Like the popular Gerber Center Drive, the screwdriver on the Gerber Armbar Drive is engineered to keep the tool dead-center, making it feel and work more like a dedicated screwdriver than just about any other multitool out there—no awkward, lopsided twisting here, just unfold the driver and go! Plus, since you’re using a replaceable bit rather than an integral tool, there’s no need to worry about damaging the driver, and you can swap it out to fit the task at hand.
Stepping up from a budget-friendly import to a more premium USA-made option, the new Leatherman FREE K2 offers a nice step up in quality and usability. All tools, including the main blade, lock open and are accessible with one hand via Leatherman’s magnetic FREE system. It also features a deep carry pocket clip, which makes this a true pocketknife replacement, if that’s what you’re looking for.

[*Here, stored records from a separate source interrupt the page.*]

(* Let $K_1,K_2$ be finite simplicial complexes on disjoint vertex sets, let $k\ge 0$, and let $K=K_1\vee_k K_2$ be a $k$-wedge sum obtained by identifying a $k$-face $F_1$ of $K_1$ with a $k$-face $F_2$ of $K_2$. If $i\ge k-1$ (and $i\ge 0$), then $B_i(K)$ is balanced if and only if both $B_i(K_1)$ and $B_i(K_2)$ are balanced.
   Context: $S_j(K)$ denotes the set of faces of cardinality $j+1$. The $k$-wedge sum: given $F_1=\{v_0,\dots,v_k\}\in S_k(K_1)$, $F_2=\{u_0,\dots,u_k\}\in S_k(K_2)$ and a bijection $v_j\mapsto u_j$, $K_1\vee_kK_2$ is the complex obtained from $K_1\cup K_2$ by identifying $v_j$ with $u_j$ for all $j$ (so $F_1$ and all its subfaces are identified with $F_2$ and its subfaces). For a complex $K$ with an orientation (ordering of each face up to even permutations), $B_i(K)$ is the signed bipartite graph with vertex set $S_i(K)\cup S_{i+1}(K)$, an edge $\{F,\bar F\}$ whenever $F\subset\bar F$, with sign $\mathrm{sgn}([F],\partial[\bar F])$ (equal to $(-1)^j$ if $F$ is $\bar F$ with its $j$-th vertex removed and the orientation of $F$ agrees with the induced one, and $-(-1)^j$ otherwise). A signed graph is balanced if every cycle has positive sign (product of edge signs); balancedness of $B_i(K)$ does not depend on the chosen orientation. *)

theory Defs
  imports Main
begin

definition simplicial_complex :: "'v set set \<Rightarrow> bool" where
  "simplicial_complex K \<longleftrightarrow> finite K \<and>
     (\<forall>F\<in>K. finite F \<and> F \<noteq> {}) \<and>
     (\<forall>F\<in>K. \<forall>G. G \<subseteq> F \<and> G \<noteq> {} \<longrightarrow> G \<in> K)"

definition faces_of_dim :: "'v set set \<Rightarrow> nat \<Rightarrow> 'v set set" where
  "faces_of_dim K j = {F \<in> K. card F = j + 1}"

text \<open>The quotient is realised by the map that sends each vertex
of F2 to its partner in F1 and fixes all other vertices; since the vertex sets are
disjoint this is exactly the identification.\<close>
definition wedge_map :: "'v set \<Rightarrow> ('v \<Rightarrow> 'v) \<Rightarrow> 'v \<Rightarrow> 'v" where
  "wedge_map F2 f u = (if u \<in> F2 then f u else u)"

definition wedge_sum :: "'v set set \<Rightarrow> 'v set set \<Rightarrow> 'v set \<Rightarrow> ('v \<Rightarrow> 'v) \<Rightarrow> 'v set set" where
  "wedge_sum K1 K2 F2 f = K1 \<union> ((\<lambda>G. wedge_map F2 f ` G) ` K2)"

text \<open>An orientation: for each face, an ordering of its vertices (a representative of
its class modulo even permutations).\<close>
definition orientation :: "'v set set \<Rightarrow> ('v set \<Rightarrow> 'v list) \<Rightarrow> bool" where
  "orientation K ori \<longleftrightarrow> (\<forall>F\<in>K. distinct (ori F) \<and> set (ori F) = F)"

fun pos :: "'v list \<Rightarrow> 'v \<Rightarrow> nat" where
  "pos [] x = 0"
| "pos (y # ys) x = (if y = x then 0 else Suc (pos ys x))"

text \<open>Number of inversions of the ordering xs relative to ys; its parity is the parity
of the permutation taking ys to xs.\<close>
definition inversions :: "'v list \<Rightarrow> 'v list \<Rightarrow> nat" where
  "inversions xs ys = card {(a, b). a < b \<and> b < length xs \<and>
       pos ys (xs ! a) > pos ys (xs ! b)}"

text \<open>sgn([F], \<partial>[Fb]) for F a facet of Fb: Fb with its j-th vertex removed.\<close>
definition incidence_sign :: "('v set \<Rightarrow> 'v list) \<Rightarrow> 'v set \<Rightarrow> 'v set \<Rightarrow> int" where
  "incidence_sign ori F Fb =
     (let x = the_elem (Fb - F);
          j = pos (ori Fb) x;
          induced = remove1 x (ori Fb)
      in if even (inversions (ori F) induced) then (-1) ^ j else - ((-1) ^ j))"

definition B_vertices :: "'v set set \<Rightarrow> nat \<Rightarrow> 'v set set" where
  "B_vertices K i = faces_of_dim K i \<union> faces_of_dim K (i + 1)"

definition B_adj :: "'v set set \<Rightarrow> nat \<Rightarrow> 'v set \<Rightarrow> 'v set \<Rightarrow> bool" where
  "B_adj K i F G \<longleftrightarrow>
     (F \<in> faces_of_dim K i \<and> G \<in> faces_of_dim K (i + 1) \<and> F \<subseteq> G) \<or>
     (G \<in> faces_of_dim K i \<and> F \<in> faces_of_dim K (i + 1) \<and> G \<subseteq> F)"
(* Let $R$ be a commutative ring and $M$ a semisimple $R$-module. Let $B$ be the set of all maximal second submodules of $M$, and assume that $Ann(M)\neq\bigcap_{K\in B\setminus\{N\}}Ann(K)$ for every $N\in B$. Then the following are equivalent: (1) $M$ is a multiplication module; (2) every PS-hollow submodule of $M$ is simple; (3) every second submodule of $M$ is simple; (4) $M$ is a comultiplication module.
   Context: A submodule $N\neq 0$ of $M$ is second iff for every ideal $I\leq R$, $IN=N$ or $IN=0$; maximal second submodules are those maximal w.r.t. inclusion among second submodules. An $R$-submodule $N\leq M$ is PS-hollow iff for every ideal $I\leq R$ and every submodule $L\leq M$: $N\subseteq IM+L$ implies $N\subseteq IM$ or $N\subseteq L$. $M$ is a multiplication module iff every submodule of $M$ is of the form $IM$ for some ideal $I\leq R$. $M$ is a comultiplication module iff $K=(0:_M(0:_R K))$ for every submodule $K\leq M$. $Ann(K)=(0:_R K)$. *)

theory Defs
  imports Main "HOL.Modules"
begin

text \<open>Modules over a commutative ring 'r are modelled by the library locale
  module scale, with M the whole carrier type 'm.\<close>

definition is_ideal :: "'r::comm_ring_1 set \<Rightarrow> bool" where
  "is_ideal I \<longleftrightarrow> 0 \<in> I \<and> (\<forall>x\<in>I. \<forall>y\<in>I. x + y \<in> I) \<and> (\<forall>r. \<forall>x\<in>I. r * x \<in> I)"

definition ann :: "('r::comm_ring_1 \<Rightarrow> 'm::ab_group_add \<Rightarrow> 'm) \<Rightarrow> 'm set \<Rightarrow> 'r set" where
  "ann scale K = {r. \<forall>x\<in>K. scale r x = 0}"

definition ann_M :: "('r::comm_ring_1 \<Rightarrow> 'm::ab_group_add \<Rightarrow> 'm) \<Rightarrow> 'r set \<Rightarrow> 'm set" where
  "ann_M scale J = {x. \<forall>r\<in>J. scale r x = 0}"

definition ideal_mult :: "('r::comm_ring_1 \<Rightarrow> 'm::ab_group_add \<Rightarrow> 'm) \<Rightarrow> 'r set \<Rightarrow> 'm set \<Rightarrow> 'm set" where
  "ideal_mult scale I N = module.span scale {scale a n | a n. a \<in> I \<and> n \<in> N}"

definition second_sub :: "('r::comm_ring_1 \<Rightarrow> 'm::ab_group_add \<Rightarrow> 'm) \<Rightarrow> 'm set \<Rightarrow> bool" where
  "second_sub scale N \<longleftrightarrow> module.subspace scale N \<and> N \<noteq> {0} \<and>
     (\<forall>I. is_ideal I \<longrightarrow> ideal_mult scale I N = N \<or> ideal_mult scale I N = {0})"

definition max_second_sub :: "('r::comm_ring_1 \<Rightarrow> 'm::ab_group_add \<Rightarrow> 'm) \<Rightarrow> 'm set \<Rightarrow> bool" where
  "max_second_sub scale N \<longleftrightarrow> second_sub scale N \<and>
     (\<forall>K. second_sub scale K \<and> N \<subseteq> K \<longrightarrow> K = N)"

definition simple_sub :: "('r::comm_ring_1 \<Rightarrow> 'm::ab_group_add \<Rightarrow> 'm) \<Rightarrow> 'm set \<Rightarrow> bool" where
  "simple_sub scale N \<longleftrightarrow> module.subspace scale N \<and> N \<noteq> {0} \<and>
     (\<forall>L. module.subspace scale L \<and> L \<subseteq> N \<longrightarrow> L = {0} \<or> L = N)"

definition ps_hollow :: "('r::comm_ring_1 \<Rightarrow> 'm::ab_group_add \<Rightarrow> 'm) \<Rightarrow> 'm set \<Rightarrow> bool" where
  "ps_hollow scale N \<longleftrightarrow> module.subspace scale N \<and> N \<noteq> {0} \<and>
     (\<forall>I L. is_ideal I \<longrightarrow> module.subspace scale L \<longrightarrow>
        N \<subseteq> {x + y | x y. x \<in> ideal_mult scale I UNIV \<and> y \<in> L} \<longrightarrow>
        N \<subseteq> ideal_mult scale I UNIV \<or> N \<subseteq> L)"

definition multiplication_module :: "('r::comm_ring_1 \<Rightarrow> 'm::ab_group_add \<Rightarrow> 'm) \<Rightarrow> bool" where
  "multiplication_module scale \<longleftrightarrow>
     (\<forall>N. module.subspace scale N \<longrightarrow> (\<exists>I. is_ideal I \<and> N = ideal_mult scale I UNIV))"

definition comultiplication_module :: "('r::comm_ring_1 \<Rightarrow> 'm::ab_group_add \<Rightarrow> 'm) \<Rightarrow> bool" where
  "comultiplication_module scale \<longleftrightarrow>
     (\<forall>K. module.subspace scale K \<longrightarrow> K = ann_M scale (ann scale K))"

definition semisimple_module :: "('r::comm_ring_1 \<Rightarrow> 'm::ab_group_add \<Rightarrow> 'm) \<Rightarrow> bool" where
  "semisimple_module scale \<longleftrightarrow>
     (\<forall>N. module.subspace scale N \<longrightarrow>
        (\<exists>L. module.subspace scale L \<and> N \<inter> L = {0} \<and> {x + y | x y. x \<in> N \<and> y \<in> L} = UNIV))"

end

theory Submission
  imports Defs
begin

(* For a maximal ideal P write M[P] = (0 :_M P), the P-isotypic component of M.
  Every nonzero cyclic submodule Rx of the semisimple module M contains a nonzero element
  of some M[P]; hence M and each of its submodules are spanned by their intersections with
  the components, and M[P] \<inter> PM = 0 because PM lies in a complement of any cyclic submodule
  of M[P]. It follows that the second submodules, and equally the PS-hollow submodules,
  are exactly the nonzero submodules of the components, and that the maximal second
  submodules are the nonzero components. Multiplication or comultiplication forces each
  component to be simple. Conversely, the annihilator hypothesis supplies for each nonzero
  M[P] a scalar r \<notin> P killing every other component; when all components are simple
  this recovers any submodule N as IM, with I the annihilator of the components not
  contained in N, and as (0 :_M Ann N). *)

text \<open>Maximality of P is expressed as invertibility modulo P of every r \<notin> P.\<close>

definition maximal_ideal :: "'r::comm_ring_1 set \<Rightarrow> bool" where
  "maximal_ideal P \<longleftrightarrow> is_ideal P \<and> 1 \<notin> P \<and> (\<forall>r. r \<notin> P \<longrightarrow> (\<exists>s. 1 - r * s \<in> P))"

Leatherman has been leading the multitool market since their first innovative products hit the market in the 1980s, and their legendary warranty has you covered should anything ever go awry. As an added bonus, the K2 is available in a selection of attractive colors including Evergreen, Navy Blue, and Crimson Red.
If you’d rather not compromise your everyday carry knife with a bulky Phillips screwdriver, consider the EOS Screw Blaster, a dedicated bit driver meant to stay out of the way on your keychain. Precision-made in the USA from anodized aluminum and very affordable at just $13.95, the Screw Blaster is an elegant solution for anyone who wants the ability to drive Phillips screws—or any other screw, for that matter—without lugging around the whole toolbox!